Loss/Score Functions: Accuracy, F1-score, ROC-AUC, Log Loss (probabilistic)

In [None]:
from sklearn.ensemble import RandomForestClassifier
from sklearn.metrics import accuracy_score, f1_score, roc_auc_score, log_loss
from sklearn.model_selection import train_test_split
from sklearn.datasets import make_classification

# Generate sample data
X, y = make_classification(n_samples=1000, n_features=10, n_informative=5, random_state=42)

# Train-test split
X_train, X_test, y_train, y_test = train_test_split(X, y, test_size=0.2, random_state=42)

# Model
clf = RandomForestClassifier(
    n_estimators=100,        # number of trees
    max_depth=None,          # depth of each tree
    min_samples_split=2,     # min samples to split an internal node
    min_samples_leaf=1,      # min samples at a leaf
    max_features='sqrt',     # number of features to consider at each split
    random_state=42
)
clf.fit(X_train, y_train)
y_pred = clf.predict(X_test)
y_proba = clf.predict_proba(X_test)

# Evaluation
print(f"Accuracy: {accuracy_score(y_test, y_pred):.4f}")
print(f"F1 Score: {f1_score(y_test, y_pred):.4f}")
print(f"ROC AUC: {roc_auc_score(y_test, y_proba[:,1]):.4f}")
print(f"Log Loss: {log_loss(y_test, y_proba):.4f}")

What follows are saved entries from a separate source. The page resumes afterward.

text \<open>\<open>mu\<close> is \<open>undefined\<close> on two arrows, so iterated products are only meaningful on lists
  containing at most one arrow.\<close>
definition arrow_count :: "('v + 'a) list \<Rightarrow> nat" where
  "arrow_count ws = length (filter (\<lambda>w. \<not> isl w) ws)"

locale multiplicative_graph =
  fixes V :: "'v set" and A :: "'a set" and s t :: "'a \<Rightarrow> 'v"
    and mv :: "'v \<Rightarrow> 'v \<Rightarrow> 'v" and ml :: "'v \<Rightarrow> 'a \<Rightarrow> 'a" and mr :: "'a \<Rightarrow> 'v \<Rightarrow> 'a"
  assumes mult_graph: "mult_graph V A s t mv ml mr"
begin

lemma
  shows source_in: "a \<in> A \<Longrightarrow> s a \<in> V"
    and target_in: "a \<in> A \<Longrightarrow> t a \<in> V"
    and mv_closed: "g \<in> V \<Longrightarrow> h \<in> V \<Longrightarrow> mv g h \<in> V"
    and ml_closed: "g \<in> V \<Longrightarrow> a \<in> A \<Longrightarrow> ml g a \<in> A"
    and mr_closed: "a \<in> A \<Longrightarrow> h \<in> V \<Longrightarrow> mr a h \<in> A"
    and source_ml: "g \<in> V \<Longrightarrow> a \<in> A \<Longrightarrow> s (ml g a) = mv g (s a)"
    and target_ml: "g \<in> V \<Longrightarrow> a \<in> A \<Longrightarrow> t (ml g a) = mv g (t a)"
    and source_mr: "a \<in> A \<Longrightarrow> h \<in> V \<Longrightarrow> s (mr a h) = mv (s a) h"
    and target_mr: "a \<in> A \<Longrightarrow> h \<in> V \<Longrightarrow> t (mr a h) = mv (t a) h"
    and mv_assoc: "g \<in> V \<Longrightarrow> h \<in> V \<Longrightarrow> k \<in> V \<Longrightarrow> mv (mv g h) k = mv g (mv h k)"
    and mr_mr: "a \<in> A \<Longrightarrow> h \<in> V \<Longrightarrow> k \<in> V \<Longrightarrow> mr (mr a h) k = mr a (mv h k)"
    and mr_ml: "g \<in> V \<Longrightarrow> a \<in> A \<Longrightarrow> k \<in> V \<Longrightarrow> mr (ml g a) k = ml g (mr a k)"
    and ml_mv: "g \<in> V \<Longrightarrow> h \<in> V \<Longrightarrow> a \<in> A \<Longrightarrow> ml (mv g h) a = ml g (ml h a)"
  using mult_graph unfolding mult_graph_def by blast+

abbreviation "in_graph \<equiv> graph_elem V A"
abbreviation "graph_mu \<equiv> mu mv ml mr"
abbreviation "graph_mu_n \<equiv> mu_n mv ml mr"

lemma in_graph_mu:
  assumes "in_graph p" "in_graph q" "isl p \<or> isl q"
  shows "in_graph (graph_mu p q) \<and> (isl (graph_mu p q) \<longleftrightarrow> isl p \<and> isl q)"
  using assms by (cases p; cases q) (auto simp: graph_elem_def mv_closed ml_closed mr_closed)

lemma mu_assoc:
  assumes "in_graph p" "in_graph q" "in_graph r" "arrow_count [p, q, r] \<le> 1"
  shows "graph_mu (graph_mu p q) r = graph_mu p (graph_mu q r)"
  using assms by (cases p; cases q; cases r) (auto simp: graph_elem_def arrow_count_def mv_assoc mr_mr mr_ml ml_mv)

lemma in_graph_foldl_mu:
  assumes "in_graph z" "\<forall>w\<in>set ws. in_graph w" "arrow_count (z # ws) \<le> 1"
  shows "in_graph (foldl graph_mu z ws) \<and> (isl (foldl graph_mu z ws) \<longleftrightarrow> arrow_count (z # ws) = 0)"
  using assms
proof (induction ws arbitrary: z)
  case Nil
  then show ?case by (auto simp: arrow_count_def)
next
  case (Cons w ws)
  have "isl z \<or> isl w" using Cons.prems(3) by (auto simp: arrow_count_def split: if_splits)
  then have zw: "in_graph (graph_mu z w) \<and> (isl (graph_mu z w) \<longleftrightarrow> isl z \<and> isl w)"
    using in_graph_mu Cons.prems by auto
  have "arrow_count (graph_mu z w # ws) = arrow_count (z # w # ws)"
    using zw \<open>isl z \<or> isl w\<close> by (auto simp: arrow_count_def)
  then show ?case using Cons.IH[of "graph_mu z w"] zw Cons.prems by auto
qed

## Random Forest Regressor
Use Case: Regression problems (e.g., stock price prediction, house prices)

Scaling:  Not required

Loss/Score Functions: MSE, RMSE, MAE, R²

In [None]:
from sklearn.ensemble import RandomForestRegressor
from sklearn.metrics import mean_squared_error, mean_absolute_error, r2_score
from sklearn.datasets import make_regression

# Generate sample regression data
X, y = make_regression(n_samples=1000, n_features=10, noise=0.3, random_state=42)

# Split
X_train, X_test, y_train, y_test = train_test_split(X, y, test_size=0.2, random_state=42)

# Model
reg = RandomForestRegressor(
    n_estimators=100,
    max_depth=None,
    min_samples_split=2,
    min_samples_leaf=1,
    max_features='sqrt',
    random_state=42
)
reg.fit(X_train, y_train)
y_pred = reg.predict(X_test)

# Evaluation
mse = mean_squared_error(y_test, y_pred)
rmse = mse ** 0.5
mae = mean_absolute_error(y_test, y_pred)
r2 = r2_score(y_test, y_pred)

print(f"MSE: {mse:.4f}, RMSE: {rmse:.4f}, MAE: {mae:.4f}, R²: {r2:.4f}")


## 
Parameter	Meaning

n_estimators	Number of trees in the forest

max_depth	Maximum depth of each tree

min_samples_split	Minimum samples required to split an internal node

min_samples_leaf	Minimum samples at a leaf node

max_features	Number of features to consider when looking for best split

random_state	Ensures reproducibility

## Random Forest Classifier – GridSearchCV

Parameters we're tuning:
n_estimators: Number of trees

max_depth: Max depth of tree

min_samples_split: Minimum number of samples to split a node

min_samples_leaf: Minimum number of samples at a leaf node

In [None]:
from sklearn.ensemble import RandomForestClassifier
from sklearn.model_selection import GridSearchCV
from sklearn.datasets import make_classification
from sklearn.model_selection import train_test_split
from sklearn.metrics import classification_report

# Dataset
X, y = make_classification(n_samples=1000, n_features=10, random_state=42)
X_train, X_test, y_train, y_test = train_test_split(X, y, test_size=0.2, random_state=42)

# Model
clf = RandomForestClassifier(random_state=42)

# Grid
param_grid = {
    'n_estimators': [50, 100],
    'max_depth': [None, 10, 20],
    'min_samples_split': [2, 5],
    'min_samples_leaf': [1, 2]
}

# Grid Search
grid_clf = GridSearchCV(clf, param_grid, cv=5, scoring='accuracy', n_jobs=-1)
grid_clf.fit(X_train, y_train)

# Best parameters
print("Best parameters:", grid_clf.best_params_)

# Final evaluation
y_pred = grid_clf.predict(X_test)
print(classification_report(y_test, y_pred))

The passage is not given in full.